Dang Eric V, McDonald Jeffrey G, Russell David W, Cyster Jason G
Howard Hughes Medical Institute and Department of Microbiology and Immunology, University of California, San Francisco, San Francisco, CA 94143-0795, USA.
Department of Molecular Genetics, University of Texas Southwestern Medical Center, Dallas, TX 75390, USA.
Cell. 2017 Nov 16;171(5):1057-1071.e11. doi: 10.1016/j.cell.2017.09.029. Epub 2017 Oct 12.

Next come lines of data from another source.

(* Let $K$ be a valued field and $d\ge 1$. Then the family $\operatorname{Conv}_{K^d}$ of convex subsets of $K^d$ has breadth exactly $d$: whenever $C_1,\dots,C_n\subseteq K^d$ are convex with $\bigcap_{i=1}^nC_i\ne\emptyset$, there is $S\subseteq\{1,\dots,n\}$ with $|S|\le d$ and $\bigcap_{i\in S}C_i=\bigcap_{i=1}^nC_i$; and $d$ is the least number with this property.
   Context: $K$ is a field with valuation $\nu$ and valuation ring $\mathcal{O}=\{x:\nu(x)\ge0\}$. A set $X\subseteq K^d$ is convex if it is closed under combinations $\sum_{i=1}^n\alpha_ix_i$ with $x_i\in X$, $\alpha_i\in\mathcal{O}$, $\sum\alpha_i=1$. A family $\mathcal{F}$ of subsets of a set has breadth $d$ if every nonempty intersection of finitely many members of $\mathcal{F}$ equals the intersection of at most $d$ of them, and $d$ is minimal with this property. *)

theory Defs
  imports "HOL-Analysis.Analysis"
begin

text \<open>The value of 0 is +infinity; this is encoded by only constraining v on nonzero
  elements and treating 0 separately in the valuation ring.\<close>
definition valuation :: "('k::field \<Rightarrow> 'g::linordered_ab_group_add) \<Rightarrow> bool" where
  "valuation v \<longleftrightarrow>
     (\<forall>x y. x \<noteq> 0 \<and> y \<noteq> 0 \<longrightarrow> v (x * y) = v x + v y) \<and>
     (\<forall>x y. x \<noteq> 0 \<and> y \<noteq> 0 \<and> x + y \<noteq> 0 \<longrightarrow> min (v x) (v y) \<le> v (x + y))"

definition val_ring :: "('k::field \<Rightarrow> 'g::linordered_ab_group_add) \<Rightarrow> 'k set" where
  "val_ring v = {x. x = 0 \<or> 0 \<le> v x}"

definition val_convex :: "('k::field \<Rightarrow> 'g::linordered_ab_group_add) \<Rightarrow> ('k ^ 'n) set \<Rightarrow> bool" where
  "val_convex v X \<longleftrightarrow>
     (\<forall>(m::nat) (\<alpha>::nat \<Rightarrow> 'k) (x::nat \<Rightarrow> 'k ^ 'n).
        (\<forall>i<m. x i \<in> X \<and> \<alpha> i \<in> val_ring v) \<and> (\<Sum>i<m. \<alpha> i) = 1
        \<longrightarrow> (\<Sum>i<m. \<alpha> i *s x i) \<in> X)"

definition breadth_le :: "'a set set \<Rightarrow> nat \<Rightarrow> bool" where
  "breadth_le F d \<longleftrightarrow>
     (\<forall>(n::nat) (C::nat \<Rightarrow> 'a set). (\<forall>i<n. C i \<in> F) \<and> (\<Inter>i<n. C i) \<noteq> {} \<longrightarrow>
        (\<exists>S\<subseteq>{..<n}. card S \<le> d \<and> (\<Inter>i\<in>S. C i) = (\<Inter>i<n. C i)))"

definition has_breadth :: "'a set set \<Rightarrow> nat \<Rightarrow> bool" where
  "has_breadth F d \<longleftrightarrow> breadth_le F d \<and> (\<forall>e<d. \<not> breadth_le F e)"

end

theory Submission
  imports Defs
begin

text \<open>Upper bound: let \<open>C\<^sub>0, \<dots>, C\<^sub>d\<close> be convex sets through a common point \<open>p\<close>, and suppose
  none of them contains the intersection of the others, say \<open>x\<^sub>j\<close> lies in all of them except
  \<open>C\<^sub>j\<close>. The \<open>d + 1\<close> vectors \<open>x\<^sub>j - p\<close> are linearly dependent in \<open>K\<^sup>d\<close>; dividing a dependence
  relation by the coefficient of minimal value writes one \<open>x\<^sub>j - p\<close> as an \<open>\<O>\<close>-combination of
  the others. A convex set through \<open>p\<close> is closed under such combinations around \<open>p\<close>, so
  \<open>x\<^sub>j \<in> C\<^sub>j\<close> after all. Hence among more than \<open>d\<close> sets one is always redundant.
  Lower bound: the \<open>d\<close> coordinate hyperplanes are convex and none of them is redundant.\<close>

lemma valuation_mult: "valuation v \<Longrightarrow> x \<noteq> 0 \<Longrightarrow> y \<noteq> 0 \<Longrightarrow> v (x * y) = v x + v y"
  unfolding valuation_def by blast

lemma valuation_one: "valuation v \<Longrightarrow> v 1 = 0"
  using valuation_mult[of v 1 1] by simp

lemma valuation_minus_one:
  fixes v :: "'k::field \<Rightarrow> 'g::linordered_ab_group_add"
  assumes "valuation v"
  shows "v (-1) = 0"
proof -
  have "v (-1) + v (-1) = 0"
    using valuation_mult[OF assms, of "-1" "-1"] valuation_one[OF assms] by simp
  then show ?thesis
    by (metis add_neg_neg add_pos_pos less_irrefl linorder_neqE)
qed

Type I interferon restrains interleukin-1β (IL-1β)-driven inflammation in macrophages by upregulating cholesterol-25-hydroxylase (Ch25h) and repressing SREBP transcription factors. However, the molecular links between lipid metabolism and IL-1β production remain obscure. Here, we demonstrate that production of 25-hydroxycholesterol (25-HC) by macrophages is required to prevent inflammasome activation by the DNA sensor protein absent in melanoma 2 (AIM2). We find that in response to bacterial infection or lipopolysaccharide (LPS) stimulation, macrophages upregulate Ch25h to maintain repression of SREBP2 activation and cholesterol synthesis. Increasing macrophage cholesterol content is sufficient to trigger IL-1β release in a crystal-independent but AIM2-dependent manner. Ch25h deficiency results in cholesterol-dependent reduced mitochondrial respiratory capacity and release of mitochondrial DNA into the cytosol. AIM2 deficiency rescues the increased inflammasome activity observed in Ch25h. Therefore, activated macrophages utilize 25-HC in an anti-inflammatory circuit that maintains mitochondrial integrity and prevents spurious AIM2 inflammasome activation.
I型干扰素通过上调胆固醇25-羟化酶(Ch25h)并抑制SREBP转录因子来抑制巨噬细胞中白细胞介素-1β(IL-1β)驱动的炎症。然而,脂质代谢与IL-1β产生之间的分子联系仍不清楚。在此,我们证明巨噬细胞产生25-羟胆固醇(25-HC)是防止黑色素瘤2(AIM2)中不存在的DNA传感器蛋白激活炎性小体所必需的。我们发现,响应细菌感染或脂多糖(LPS)刺激,巨噬细胞上调Ch25h以维持对SREBP2激活和胆固醇合成的抑制。增加巨噬细胞胆固醇含量足以以晶体非依赖性但AIM2依赖性方式触发IL-1β释放。Ch25h缺陷导致胆固醇依赖性线粒体呼吸能力降低以及线粒体DNA释放到细胞质中。AIM2缺陷可挽救在Ch25h中观察到的炎性小体活性增加。因此,活化的巨噬细胞在维持线粒体完整性并防止假性AIM2炎性小体激活的抗炎回路中利用25-HC。